RECORD SET section start

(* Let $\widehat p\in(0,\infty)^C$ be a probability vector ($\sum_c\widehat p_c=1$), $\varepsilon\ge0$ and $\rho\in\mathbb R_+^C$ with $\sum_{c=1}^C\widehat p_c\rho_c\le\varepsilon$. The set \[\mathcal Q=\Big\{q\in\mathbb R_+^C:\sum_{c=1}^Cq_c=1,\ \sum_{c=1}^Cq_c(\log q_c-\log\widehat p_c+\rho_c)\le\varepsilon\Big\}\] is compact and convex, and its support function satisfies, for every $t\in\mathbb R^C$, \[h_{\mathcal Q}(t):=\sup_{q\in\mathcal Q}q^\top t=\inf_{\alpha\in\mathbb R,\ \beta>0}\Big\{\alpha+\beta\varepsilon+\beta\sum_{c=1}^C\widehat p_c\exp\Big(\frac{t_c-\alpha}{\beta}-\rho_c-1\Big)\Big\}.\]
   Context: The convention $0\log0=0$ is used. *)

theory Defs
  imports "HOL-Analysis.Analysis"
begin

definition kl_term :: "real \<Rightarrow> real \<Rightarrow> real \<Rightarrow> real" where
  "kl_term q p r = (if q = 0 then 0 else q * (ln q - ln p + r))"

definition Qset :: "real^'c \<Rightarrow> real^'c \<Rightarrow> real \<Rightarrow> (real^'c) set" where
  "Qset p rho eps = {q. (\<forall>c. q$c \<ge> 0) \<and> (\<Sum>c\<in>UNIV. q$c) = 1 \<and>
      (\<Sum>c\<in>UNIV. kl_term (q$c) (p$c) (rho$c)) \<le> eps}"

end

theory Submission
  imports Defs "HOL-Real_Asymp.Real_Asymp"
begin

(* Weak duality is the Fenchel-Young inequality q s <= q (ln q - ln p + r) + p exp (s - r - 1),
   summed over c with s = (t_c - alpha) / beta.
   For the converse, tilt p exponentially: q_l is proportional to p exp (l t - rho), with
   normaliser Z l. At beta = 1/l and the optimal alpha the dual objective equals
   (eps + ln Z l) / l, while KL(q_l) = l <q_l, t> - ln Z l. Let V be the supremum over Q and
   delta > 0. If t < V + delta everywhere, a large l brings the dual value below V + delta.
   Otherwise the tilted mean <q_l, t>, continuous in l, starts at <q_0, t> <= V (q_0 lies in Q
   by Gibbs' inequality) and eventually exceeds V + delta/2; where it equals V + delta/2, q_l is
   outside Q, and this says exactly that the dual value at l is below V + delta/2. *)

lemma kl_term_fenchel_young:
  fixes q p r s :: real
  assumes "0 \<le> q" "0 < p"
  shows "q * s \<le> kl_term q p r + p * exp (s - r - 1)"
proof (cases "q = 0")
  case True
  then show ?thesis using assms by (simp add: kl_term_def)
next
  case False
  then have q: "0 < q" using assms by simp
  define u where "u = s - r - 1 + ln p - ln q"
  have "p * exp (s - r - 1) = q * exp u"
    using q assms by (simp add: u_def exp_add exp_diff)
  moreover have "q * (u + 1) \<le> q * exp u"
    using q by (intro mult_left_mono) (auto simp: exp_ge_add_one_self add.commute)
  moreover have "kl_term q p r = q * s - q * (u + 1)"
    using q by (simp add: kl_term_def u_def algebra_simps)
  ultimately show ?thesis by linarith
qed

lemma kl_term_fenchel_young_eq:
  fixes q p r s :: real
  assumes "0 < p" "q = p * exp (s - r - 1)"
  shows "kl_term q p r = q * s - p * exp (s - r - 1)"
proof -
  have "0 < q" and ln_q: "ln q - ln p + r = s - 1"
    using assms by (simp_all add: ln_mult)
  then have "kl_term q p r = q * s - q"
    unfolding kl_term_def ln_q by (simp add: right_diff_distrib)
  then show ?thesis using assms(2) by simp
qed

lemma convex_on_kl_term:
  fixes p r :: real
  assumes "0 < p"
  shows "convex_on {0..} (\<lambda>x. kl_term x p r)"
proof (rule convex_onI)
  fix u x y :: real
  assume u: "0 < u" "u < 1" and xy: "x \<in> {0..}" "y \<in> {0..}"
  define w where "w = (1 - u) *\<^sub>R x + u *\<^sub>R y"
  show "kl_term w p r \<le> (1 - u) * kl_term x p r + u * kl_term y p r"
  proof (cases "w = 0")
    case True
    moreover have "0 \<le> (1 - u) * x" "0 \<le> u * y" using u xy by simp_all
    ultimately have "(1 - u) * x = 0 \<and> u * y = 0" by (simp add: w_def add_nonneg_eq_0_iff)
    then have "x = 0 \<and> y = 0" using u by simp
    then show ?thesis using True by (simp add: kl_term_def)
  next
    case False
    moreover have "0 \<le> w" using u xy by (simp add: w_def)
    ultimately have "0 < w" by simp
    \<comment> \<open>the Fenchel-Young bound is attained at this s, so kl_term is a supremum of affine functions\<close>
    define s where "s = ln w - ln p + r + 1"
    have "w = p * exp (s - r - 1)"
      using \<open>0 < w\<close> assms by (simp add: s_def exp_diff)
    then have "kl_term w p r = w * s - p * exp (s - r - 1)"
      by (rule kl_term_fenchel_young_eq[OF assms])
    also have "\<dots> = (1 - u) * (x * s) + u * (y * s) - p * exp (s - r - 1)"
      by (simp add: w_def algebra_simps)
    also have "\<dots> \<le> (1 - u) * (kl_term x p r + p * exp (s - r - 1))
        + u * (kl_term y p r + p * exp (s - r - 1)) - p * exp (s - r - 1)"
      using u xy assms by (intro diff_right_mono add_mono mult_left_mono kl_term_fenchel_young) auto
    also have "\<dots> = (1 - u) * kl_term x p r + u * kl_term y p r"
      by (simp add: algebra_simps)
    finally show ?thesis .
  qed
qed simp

RECORD SET section end

• _DESCRIPTION OF THE TASK_:
Search the entries for the word "this", then list each line that holds it.

• _YOUR SOLUTION_:
   outside Q, and this says exactly that the dual value at l is below V + delta/2. *)
    \<comment> \<open>the Fenchel-Young bound is attained at this s, so kl_term is a supremum of affine functions\<close>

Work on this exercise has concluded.